• **ACTIVITY**: From the listing below, extract every line in which the word "entry" appears.

• **GIVEN DATA**:
###
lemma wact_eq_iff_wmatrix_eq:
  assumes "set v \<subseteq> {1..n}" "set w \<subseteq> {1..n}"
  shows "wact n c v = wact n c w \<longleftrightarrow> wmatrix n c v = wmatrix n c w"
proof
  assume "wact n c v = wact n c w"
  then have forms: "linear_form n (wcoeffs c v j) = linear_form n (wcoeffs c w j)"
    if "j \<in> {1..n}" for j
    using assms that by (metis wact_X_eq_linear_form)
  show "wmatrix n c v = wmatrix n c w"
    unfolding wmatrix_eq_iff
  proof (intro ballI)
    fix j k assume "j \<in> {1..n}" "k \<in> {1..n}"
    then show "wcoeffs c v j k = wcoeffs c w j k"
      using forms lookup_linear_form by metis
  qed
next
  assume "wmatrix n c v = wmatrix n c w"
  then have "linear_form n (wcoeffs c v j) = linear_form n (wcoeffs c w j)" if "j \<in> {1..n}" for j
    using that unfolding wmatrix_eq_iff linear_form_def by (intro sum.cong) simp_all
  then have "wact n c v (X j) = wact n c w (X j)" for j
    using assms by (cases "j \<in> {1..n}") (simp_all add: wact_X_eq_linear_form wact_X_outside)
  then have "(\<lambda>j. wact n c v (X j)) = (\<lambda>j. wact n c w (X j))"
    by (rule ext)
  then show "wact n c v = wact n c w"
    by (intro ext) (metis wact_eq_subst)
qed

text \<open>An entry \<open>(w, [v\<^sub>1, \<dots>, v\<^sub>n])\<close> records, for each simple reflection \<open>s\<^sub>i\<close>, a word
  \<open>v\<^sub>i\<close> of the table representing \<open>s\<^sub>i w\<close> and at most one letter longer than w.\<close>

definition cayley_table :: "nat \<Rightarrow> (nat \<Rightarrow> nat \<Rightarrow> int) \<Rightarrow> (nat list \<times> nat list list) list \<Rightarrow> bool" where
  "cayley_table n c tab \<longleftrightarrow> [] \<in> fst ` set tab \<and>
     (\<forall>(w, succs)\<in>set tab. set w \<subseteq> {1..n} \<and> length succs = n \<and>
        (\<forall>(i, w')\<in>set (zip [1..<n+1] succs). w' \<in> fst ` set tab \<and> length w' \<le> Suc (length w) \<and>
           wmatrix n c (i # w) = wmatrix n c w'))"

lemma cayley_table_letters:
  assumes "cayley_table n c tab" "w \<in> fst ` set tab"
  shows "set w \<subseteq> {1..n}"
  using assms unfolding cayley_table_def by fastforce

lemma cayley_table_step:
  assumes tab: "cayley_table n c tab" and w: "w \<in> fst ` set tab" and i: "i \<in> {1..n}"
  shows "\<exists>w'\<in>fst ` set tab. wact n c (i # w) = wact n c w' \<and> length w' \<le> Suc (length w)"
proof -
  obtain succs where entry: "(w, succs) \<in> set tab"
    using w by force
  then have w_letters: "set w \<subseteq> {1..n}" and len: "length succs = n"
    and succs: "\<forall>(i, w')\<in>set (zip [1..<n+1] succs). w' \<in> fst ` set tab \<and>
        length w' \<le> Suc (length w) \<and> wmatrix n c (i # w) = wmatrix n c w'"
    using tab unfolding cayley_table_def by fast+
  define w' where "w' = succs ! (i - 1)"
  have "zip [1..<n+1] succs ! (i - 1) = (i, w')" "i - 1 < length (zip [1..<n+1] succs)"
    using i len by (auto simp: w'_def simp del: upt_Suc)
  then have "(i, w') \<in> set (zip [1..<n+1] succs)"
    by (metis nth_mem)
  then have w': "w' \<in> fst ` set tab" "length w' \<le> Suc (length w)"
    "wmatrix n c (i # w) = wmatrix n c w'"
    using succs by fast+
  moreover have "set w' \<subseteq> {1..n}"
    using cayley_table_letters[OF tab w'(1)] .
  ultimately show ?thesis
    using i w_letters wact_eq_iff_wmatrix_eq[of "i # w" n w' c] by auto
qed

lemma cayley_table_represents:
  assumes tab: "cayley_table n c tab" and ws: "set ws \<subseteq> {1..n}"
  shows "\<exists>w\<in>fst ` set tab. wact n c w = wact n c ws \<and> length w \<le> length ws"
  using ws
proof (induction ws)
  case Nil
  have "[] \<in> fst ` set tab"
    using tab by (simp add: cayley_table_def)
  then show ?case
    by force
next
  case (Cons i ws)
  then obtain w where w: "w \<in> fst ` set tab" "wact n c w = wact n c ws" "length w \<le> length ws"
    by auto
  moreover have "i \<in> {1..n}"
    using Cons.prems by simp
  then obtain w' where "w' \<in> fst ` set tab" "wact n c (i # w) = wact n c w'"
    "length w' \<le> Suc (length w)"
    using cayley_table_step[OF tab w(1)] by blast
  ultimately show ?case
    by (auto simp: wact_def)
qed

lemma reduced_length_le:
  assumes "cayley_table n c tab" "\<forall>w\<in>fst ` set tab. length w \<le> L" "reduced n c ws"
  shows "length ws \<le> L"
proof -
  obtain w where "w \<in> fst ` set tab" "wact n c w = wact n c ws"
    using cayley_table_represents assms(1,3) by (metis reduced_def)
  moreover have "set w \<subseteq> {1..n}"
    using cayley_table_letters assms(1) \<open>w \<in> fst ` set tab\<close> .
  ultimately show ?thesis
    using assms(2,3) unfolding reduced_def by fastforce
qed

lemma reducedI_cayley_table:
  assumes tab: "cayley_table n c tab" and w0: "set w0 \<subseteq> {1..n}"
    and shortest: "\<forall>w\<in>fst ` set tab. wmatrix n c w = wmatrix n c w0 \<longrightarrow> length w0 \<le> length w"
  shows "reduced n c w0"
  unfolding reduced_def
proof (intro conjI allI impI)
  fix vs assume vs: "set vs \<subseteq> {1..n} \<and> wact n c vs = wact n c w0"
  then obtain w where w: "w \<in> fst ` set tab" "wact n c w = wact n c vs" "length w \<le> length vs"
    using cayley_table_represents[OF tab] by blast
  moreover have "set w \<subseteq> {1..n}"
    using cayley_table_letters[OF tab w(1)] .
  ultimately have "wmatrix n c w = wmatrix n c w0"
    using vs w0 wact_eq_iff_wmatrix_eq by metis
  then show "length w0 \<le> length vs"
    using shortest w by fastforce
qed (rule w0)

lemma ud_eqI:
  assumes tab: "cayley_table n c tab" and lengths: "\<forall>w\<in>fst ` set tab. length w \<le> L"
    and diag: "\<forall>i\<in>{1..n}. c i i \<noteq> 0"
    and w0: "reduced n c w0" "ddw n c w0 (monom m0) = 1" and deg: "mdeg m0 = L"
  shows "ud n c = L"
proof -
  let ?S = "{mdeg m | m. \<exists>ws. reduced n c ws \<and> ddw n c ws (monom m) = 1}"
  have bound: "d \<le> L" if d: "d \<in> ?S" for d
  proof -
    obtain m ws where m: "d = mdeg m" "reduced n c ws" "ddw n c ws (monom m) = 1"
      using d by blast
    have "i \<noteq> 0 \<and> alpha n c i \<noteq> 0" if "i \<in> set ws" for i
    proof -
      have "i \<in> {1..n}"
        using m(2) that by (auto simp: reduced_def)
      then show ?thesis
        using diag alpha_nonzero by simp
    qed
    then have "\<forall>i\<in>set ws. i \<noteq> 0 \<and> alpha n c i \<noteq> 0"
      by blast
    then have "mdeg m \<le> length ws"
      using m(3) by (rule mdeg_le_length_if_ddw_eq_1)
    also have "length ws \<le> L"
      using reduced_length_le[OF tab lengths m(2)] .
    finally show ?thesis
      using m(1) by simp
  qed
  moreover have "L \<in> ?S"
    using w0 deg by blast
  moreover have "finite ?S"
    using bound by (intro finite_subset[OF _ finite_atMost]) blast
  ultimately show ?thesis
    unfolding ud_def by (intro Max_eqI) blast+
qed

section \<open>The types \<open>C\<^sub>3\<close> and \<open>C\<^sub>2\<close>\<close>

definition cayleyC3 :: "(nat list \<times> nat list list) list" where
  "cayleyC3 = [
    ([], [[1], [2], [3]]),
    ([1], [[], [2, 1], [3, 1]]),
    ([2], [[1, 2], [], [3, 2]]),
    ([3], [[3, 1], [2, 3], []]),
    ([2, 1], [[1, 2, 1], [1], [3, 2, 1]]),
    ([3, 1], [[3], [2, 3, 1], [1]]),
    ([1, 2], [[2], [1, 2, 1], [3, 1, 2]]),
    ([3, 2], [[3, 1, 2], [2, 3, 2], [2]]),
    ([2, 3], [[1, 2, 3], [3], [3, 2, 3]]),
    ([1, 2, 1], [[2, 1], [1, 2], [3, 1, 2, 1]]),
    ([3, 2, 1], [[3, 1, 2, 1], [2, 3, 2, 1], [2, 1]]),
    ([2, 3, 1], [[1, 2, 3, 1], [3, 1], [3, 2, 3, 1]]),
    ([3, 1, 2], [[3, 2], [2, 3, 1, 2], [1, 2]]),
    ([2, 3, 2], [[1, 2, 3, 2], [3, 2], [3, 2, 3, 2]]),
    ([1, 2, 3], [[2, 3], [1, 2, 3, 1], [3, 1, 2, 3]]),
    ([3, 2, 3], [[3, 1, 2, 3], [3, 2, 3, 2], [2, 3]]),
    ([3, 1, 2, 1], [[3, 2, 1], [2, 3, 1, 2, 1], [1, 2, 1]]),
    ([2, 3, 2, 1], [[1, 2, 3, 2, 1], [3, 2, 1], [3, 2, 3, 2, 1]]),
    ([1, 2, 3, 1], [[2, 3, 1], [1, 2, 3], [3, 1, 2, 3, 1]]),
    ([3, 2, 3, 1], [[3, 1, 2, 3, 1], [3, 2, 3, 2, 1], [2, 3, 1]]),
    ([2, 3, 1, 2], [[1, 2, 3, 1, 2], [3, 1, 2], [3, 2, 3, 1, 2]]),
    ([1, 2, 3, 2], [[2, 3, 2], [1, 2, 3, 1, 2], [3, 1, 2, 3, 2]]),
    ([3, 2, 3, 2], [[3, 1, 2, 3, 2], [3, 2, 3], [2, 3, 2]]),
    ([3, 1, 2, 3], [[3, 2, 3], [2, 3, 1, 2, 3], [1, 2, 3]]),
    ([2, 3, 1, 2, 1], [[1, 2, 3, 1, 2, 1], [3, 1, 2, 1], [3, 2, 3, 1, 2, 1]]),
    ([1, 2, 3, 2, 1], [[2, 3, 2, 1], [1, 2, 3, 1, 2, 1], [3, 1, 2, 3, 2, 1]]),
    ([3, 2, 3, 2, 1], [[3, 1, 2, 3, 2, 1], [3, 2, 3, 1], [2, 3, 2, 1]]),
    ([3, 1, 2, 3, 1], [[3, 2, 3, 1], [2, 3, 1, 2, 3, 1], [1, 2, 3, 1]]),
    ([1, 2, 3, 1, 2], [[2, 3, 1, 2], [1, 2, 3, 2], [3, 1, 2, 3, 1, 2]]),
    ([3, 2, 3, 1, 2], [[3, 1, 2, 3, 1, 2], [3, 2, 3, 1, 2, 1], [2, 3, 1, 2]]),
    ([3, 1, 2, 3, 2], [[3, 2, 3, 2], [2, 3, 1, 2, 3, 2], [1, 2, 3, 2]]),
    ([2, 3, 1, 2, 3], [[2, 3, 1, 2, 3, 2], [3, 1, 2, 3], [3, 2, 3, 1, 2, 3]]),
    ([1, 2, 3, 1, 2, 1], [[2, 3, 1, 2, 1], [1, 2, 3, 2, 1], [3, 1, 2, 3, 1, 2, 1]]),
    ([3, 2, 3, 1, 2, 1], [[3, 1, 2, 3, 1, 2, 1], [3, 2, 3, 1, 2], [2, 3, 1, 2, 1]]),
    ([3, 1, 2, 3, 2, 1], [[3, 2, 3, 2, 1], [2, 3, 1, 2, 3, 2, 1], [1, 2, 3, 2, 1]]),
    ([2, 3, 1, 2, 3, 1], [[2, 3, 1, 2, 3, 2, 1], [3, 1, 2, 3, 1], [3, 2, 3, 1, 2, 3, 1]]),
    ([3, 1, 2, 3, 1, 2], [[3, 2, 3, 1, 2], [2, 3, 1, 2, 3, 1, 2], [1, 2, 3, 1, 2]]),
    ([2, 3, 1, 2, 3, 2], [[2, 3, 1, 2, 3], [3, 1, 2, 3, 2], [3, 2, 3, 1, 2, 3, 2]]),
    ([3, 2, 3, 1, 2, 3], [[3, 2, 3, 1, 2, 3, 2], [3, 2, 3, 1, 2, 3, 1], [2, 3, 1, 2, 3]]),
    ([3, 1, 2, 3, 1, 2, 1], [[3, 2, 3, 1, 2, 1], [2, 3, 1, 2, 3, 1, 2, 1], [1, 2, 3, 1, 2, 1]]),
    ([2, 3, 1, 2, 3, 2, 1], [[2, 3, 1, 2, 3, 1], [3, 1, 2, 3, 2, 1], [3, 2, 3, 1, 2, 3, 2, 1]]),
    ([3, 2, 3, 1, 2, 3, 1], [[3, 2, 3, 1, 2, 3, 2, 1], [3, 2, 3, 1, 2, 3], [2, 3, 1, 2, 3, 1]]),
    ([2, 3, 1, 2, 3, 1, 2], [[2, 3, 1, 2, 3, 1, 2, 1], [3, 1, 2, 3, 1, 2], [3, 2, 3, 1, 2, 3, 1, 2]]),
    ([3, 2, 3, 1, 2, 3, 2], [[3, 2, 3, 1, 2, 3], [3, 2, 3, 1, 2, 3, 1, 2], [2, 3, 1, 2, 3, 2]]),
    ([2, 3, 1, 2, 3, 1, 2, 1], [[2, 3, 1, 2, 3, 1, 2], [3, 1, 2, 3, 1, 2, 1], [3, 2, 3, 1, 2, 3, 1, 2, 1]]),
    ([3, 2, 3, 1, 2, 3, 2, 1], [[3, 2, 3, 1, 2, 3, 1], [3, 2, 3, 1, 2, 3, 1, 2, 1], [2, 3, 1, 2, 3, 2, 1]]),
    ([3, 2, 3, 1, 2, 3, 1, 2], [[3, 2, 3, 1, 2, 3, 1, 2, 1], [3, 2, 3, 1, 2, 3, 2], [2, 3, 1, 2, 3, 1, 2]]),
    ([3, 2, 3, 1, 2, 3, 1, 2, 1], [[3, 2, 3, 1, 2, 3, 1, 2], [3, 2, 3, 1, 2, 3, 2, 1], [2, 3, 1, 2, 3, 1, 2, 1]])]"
###
• **THE COMPLETED TASK**:
text \<open>An entry \<open>(w, [v\<^sub>1, \<dots>, v\<^sub>n])\<close> records, for each simple reflection \<open>s\<^sub>i\<close>, a word
  obtain succs where entry: "(w, succs) \<in> set tab"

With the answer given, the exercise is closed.